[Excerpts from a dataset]
- - -

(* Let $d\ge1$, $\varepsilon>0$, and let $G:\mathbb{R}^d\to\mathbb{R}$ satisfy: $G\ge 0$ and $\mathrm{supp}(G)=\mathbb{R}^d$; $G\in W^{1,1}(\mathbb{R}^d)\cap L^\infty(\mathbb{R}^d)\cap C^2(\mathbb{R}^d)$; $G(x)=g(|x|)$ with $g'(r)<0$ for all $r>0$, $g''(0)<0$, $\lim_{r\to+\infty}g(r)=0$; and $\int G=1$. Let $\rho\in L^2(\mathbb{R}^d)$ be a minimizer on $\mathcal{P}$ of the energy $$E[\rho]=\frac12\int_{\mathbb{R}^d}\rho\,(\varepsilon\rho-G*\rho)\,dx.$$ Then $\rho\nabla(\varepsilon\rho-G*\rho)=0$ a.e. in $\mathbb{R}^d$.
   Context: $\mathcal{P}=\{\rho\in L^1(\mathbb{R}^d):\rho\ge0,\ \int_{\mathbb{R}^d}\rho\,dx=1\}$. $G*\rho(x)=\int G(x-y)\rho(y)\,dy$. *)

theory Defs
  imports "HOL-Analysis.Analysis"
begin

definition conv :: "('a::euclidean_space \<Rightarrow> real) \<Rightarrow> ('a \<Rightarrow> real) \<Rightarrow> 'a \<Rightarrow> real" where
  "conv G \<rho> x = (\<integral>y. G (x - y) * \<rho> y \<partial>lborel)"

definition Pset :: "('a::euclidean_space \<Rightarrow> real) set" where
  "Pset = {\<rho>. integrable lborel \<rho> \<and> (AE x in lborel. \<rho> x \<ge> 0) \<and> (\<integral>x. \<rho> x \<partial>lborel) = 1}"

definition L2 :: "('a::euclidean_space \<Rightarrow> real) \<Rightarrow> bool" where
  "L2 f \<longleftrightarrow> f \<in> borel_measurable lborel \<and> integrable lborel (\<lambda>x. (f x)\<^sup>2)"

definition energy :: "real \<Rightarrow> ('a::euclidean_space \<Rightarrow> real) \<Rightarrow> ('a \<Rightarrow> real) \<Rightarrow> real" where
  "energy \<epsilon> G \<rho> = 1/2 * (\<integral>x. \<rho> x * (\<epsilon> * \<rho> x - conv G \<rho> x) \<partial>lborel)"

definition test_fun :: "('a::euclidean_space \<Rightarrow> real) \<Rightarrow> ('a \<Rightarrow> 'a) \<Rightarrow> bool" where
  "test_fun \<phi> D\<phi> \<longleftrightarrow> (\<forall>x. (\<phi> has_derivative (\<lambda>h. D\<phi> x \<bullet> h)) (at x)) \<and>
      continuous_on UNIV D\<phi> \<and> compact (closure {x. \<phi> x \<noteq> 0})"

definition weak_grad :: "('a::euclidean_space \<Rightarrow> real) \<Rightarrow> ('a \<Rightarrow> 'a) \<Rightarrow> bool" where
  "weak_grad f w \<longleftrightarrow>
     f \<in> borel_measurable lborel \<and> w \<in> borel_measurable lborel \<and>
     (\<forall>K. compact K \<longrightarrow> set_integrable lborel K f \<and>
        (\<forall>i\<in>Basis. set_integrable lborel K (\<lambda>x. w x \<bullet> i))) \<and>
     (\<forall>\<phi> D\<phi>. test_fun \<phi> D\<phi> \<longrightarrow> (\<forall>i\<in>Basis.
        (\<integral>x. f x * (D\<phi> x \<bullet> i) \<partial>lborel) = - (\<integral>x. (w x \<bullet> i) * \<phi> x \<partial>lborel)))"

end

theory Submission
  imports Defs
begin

- - -

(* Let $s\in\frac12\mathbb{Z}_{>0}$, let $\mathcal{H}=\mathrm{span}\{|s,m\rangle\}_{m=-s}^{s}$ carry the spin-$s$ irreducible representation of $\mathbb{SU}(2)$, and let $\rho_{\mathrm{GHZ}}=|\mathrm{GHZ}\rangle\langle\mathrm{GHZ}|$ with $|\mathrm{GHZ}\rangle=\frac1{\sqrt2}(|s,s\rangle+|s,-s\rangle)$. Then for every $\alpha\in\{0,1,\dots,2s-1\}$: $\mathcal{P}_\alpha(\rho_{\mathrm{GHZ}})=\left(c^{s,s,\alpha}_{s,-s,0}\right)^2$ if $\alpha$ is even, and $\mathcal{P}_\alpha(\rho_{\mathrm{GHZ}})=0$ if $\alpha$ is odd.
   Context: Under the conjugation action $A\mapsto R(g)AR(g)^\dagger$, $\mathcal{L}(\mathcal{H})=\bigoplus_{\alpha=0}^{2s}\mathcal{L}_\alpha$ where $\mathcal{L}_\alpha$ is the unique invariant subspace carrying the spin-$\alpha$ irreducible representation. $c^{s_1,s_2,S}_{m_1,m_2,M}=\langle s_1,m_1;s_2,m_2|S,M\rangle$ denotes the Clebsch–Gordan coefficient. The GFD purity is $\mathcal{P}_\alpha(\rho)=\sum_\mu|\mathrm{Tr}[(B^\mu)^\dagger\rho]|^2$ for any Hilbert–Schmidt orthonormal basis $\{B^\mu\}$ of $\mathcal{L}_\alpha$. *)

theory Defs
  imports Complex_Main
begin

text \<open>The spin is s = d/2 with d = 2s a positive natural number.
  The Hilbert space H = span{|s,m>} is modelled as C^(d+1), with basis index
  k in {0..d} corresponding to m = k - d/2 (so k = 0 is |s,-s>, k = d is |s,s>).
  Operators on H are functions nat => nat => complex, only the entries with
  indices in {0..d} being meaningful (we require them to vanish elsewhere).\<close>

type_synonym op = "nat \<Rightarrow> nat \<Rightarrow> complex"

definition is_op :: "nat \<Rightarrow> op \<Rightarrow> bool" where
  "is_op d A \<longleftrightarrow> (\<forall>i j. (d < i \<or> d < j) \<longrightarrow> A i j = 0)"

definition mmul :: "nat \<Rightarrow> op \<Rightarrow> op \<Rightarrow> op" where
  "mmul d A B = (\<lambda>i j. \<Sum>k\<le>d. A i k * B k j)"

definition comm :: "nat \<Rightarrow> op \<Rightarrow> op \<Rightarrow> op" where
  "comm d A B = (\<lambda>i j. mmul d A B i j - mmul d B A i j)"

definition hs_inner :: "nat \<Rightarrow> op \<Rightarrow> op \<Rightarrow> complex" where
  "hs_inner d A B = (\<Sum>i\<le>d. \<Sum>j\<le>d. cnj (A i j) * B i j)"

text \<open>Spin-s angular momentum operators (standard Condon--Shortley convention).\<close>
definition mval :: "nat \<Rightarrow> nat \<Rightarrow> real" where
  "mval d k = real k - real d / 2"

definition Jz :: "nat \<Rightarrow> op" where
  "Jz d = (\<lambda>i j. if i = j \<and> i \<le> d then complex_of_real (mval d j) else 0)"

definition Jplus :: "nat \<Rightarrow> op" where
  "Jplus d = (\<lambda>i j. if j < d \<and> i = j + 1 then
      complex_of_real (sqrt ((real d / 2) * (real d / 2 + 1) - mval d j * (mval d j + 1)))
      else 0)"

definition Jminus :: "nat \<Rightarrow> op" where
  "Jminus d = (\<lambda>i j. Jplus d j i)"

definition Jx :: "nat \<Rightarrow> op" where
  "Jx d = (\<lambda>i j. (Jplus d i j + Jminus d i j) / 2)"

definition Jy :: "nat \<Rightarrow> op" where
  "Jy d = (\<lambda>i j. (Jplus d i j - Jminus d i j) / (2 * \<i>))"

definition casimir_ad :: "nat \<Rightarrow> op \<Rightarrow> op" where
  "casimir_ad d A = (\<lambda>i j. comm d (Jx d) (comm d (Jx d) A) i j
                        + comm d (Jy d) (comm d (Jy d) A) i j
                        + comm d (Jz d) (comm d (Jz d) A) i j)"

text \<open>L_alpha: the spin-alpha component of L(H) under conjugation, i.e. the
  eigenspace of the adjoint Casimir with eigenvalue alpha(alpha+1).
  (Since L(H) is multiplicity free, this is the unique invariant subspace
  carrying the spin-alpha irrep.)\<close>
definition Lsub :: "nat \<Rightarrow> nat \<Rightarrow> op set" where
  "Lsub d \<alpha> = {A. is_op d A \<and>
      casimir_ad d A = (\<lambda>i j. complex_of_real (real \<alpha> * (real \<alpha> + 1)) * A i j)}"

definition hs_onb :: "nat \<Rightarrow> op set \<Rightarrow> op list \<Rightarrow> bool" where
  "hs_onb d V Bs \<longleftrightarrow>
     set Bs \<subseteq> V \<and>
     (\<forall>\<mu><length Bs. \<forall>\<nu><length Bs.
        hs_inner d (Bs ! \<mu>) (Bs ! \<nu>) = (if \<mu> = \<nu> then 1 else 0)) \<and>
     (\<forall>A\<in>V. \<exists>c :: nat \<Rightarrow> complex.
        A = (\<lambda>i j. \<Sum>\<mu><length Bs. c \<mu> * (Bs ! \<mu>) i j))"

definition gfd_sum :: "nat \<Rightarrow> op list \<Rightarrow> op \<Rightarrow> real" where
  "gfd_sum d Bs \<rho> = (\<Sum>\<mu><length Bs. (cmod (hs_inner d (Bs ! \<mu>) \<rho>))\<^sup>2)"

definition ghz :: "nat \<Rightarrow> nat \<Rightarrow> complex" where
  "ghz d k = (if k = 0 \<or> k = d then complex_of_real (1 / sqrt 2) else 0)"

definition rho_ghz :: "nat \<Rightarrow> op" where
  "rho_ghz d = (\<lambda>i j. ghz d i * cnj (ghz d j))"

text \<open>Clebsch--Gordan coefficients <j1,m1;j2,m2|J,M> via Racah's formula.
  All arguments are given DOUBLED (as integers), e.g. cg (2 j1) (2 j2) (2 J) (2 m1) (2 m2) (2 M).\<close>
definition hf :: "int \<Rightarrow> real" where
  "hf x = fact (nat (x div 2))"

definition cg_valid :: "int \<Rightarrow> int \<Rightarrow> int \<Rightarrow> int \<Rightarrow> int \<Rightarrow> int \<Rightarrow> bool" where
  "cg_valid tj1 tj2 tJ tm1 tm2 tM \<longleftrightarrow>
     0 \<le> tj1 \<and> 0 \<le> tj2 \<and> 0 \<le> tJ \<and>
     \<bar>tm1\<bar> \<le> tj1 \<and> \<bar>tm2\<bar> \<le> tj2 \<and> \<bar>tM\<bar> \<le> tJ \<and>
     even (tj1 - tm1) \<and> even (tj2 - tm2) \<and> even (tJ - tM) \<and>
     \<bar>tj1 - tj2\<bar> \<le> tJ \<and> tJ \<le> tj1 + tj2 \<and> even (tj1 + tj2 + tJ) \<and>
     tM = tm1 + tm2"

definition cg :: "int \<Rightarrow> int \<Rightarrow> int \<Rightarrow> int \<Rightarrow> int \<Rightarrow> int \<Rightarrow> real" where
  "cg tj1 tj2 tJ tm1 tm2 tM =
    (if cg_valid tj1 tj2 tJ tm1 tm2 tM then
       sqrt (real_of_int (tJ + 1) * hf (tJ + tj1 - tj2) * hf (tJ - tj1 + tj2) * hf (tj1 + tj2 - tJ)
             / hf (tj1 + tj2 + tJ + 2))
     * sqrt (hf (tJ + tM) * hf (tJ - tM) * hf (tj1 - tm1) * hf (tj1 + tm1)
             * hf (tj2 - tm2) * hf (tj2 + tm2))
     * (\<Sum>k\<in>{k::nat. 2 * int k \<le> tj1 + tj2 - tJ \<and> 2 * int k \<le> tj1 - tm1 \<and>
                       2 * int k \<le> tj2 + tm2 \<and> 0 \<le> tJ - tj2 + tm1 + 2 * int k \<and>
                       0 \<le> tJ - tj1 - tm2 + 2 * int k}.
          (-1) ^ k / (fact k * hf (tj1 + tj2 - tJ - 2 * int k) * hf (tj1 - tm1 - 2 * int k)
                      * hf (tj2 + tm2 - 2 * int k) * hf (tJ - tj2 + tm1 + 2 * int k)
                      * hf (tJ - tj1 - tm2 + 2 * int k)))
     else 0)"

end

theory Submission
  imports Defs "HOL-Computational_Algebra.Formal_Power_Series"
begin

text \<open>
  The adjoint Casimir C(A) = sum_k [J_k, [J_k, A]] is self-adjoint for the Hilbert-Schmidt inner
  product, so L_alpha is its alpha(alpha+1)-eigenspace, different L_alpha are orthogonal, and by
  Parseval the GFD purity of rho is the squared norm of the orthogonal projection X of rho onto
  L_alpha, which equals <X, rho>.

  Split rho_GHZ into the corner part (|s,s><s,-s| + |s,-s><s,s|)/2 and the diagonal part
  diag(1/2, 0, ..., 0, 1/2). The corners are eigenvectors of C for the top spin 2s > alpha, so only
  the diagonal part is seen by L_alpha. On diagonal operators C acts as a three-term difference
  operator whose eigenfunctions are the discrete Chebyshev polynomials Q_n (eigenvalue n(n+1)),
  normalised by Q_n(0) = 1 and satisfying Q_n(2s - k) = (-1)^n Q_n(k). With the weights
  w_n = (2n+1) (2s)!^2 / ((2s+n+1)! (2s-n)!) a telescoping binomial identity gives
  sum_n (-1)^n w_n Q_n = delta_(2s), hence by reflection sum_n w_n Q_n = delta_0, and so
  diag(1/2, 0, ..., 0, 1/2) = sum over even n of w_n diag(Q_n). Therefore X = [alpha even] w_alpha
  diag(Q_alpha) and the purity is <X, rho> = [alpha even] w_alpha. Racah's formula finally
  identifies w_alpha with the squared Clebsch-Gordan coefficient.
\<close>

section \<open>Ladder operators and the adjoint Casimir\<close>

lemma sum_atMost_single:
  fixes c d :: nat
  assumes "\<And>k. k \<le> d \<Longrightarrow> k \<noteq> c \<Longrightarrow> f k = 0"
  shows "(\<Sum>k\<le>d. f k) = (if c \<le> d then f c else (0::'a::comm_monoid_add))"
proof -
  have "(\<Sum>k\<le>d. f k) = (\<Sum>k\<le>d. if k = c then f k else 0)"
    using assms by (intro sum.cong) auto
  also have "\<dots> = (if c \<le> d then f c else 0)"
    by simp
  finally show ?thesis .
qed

- - -

▶ Problem to solve:
Each line above that includes "bool" should be shown.

▶ Solved exercise:
definition L2 :: "('a::euclidean_space \<Rightarrow> real) \<Rightarrow> bool" where
definition test_fun :: "('a::euclidean_space \<Rightarrow> real) \<Rightarrow> ('a \<Rightarrow> 'a) \<Rightarrow> bool" where
definition weak_grad :: "('a::euclidean_space \<Rightarrow> real) \<Rightarrow> ('a \<Rightarrow> 'a) \<Rightarrow> bool" where
definition is_op :: "nat \<Rightarrow> op \<Rightarrow> bool" where
definition hs_onb :: "nat \<Rightarrow> op set \<Rightarrow> op list \<Rightarrow> bool" where
definition cg_valid :: "int \<Rightarrow> int \<Rightarrow> int \<Rightarrow> int \<Rightarrow> int \<Rightarrow> int \<Rightarrow> bool" where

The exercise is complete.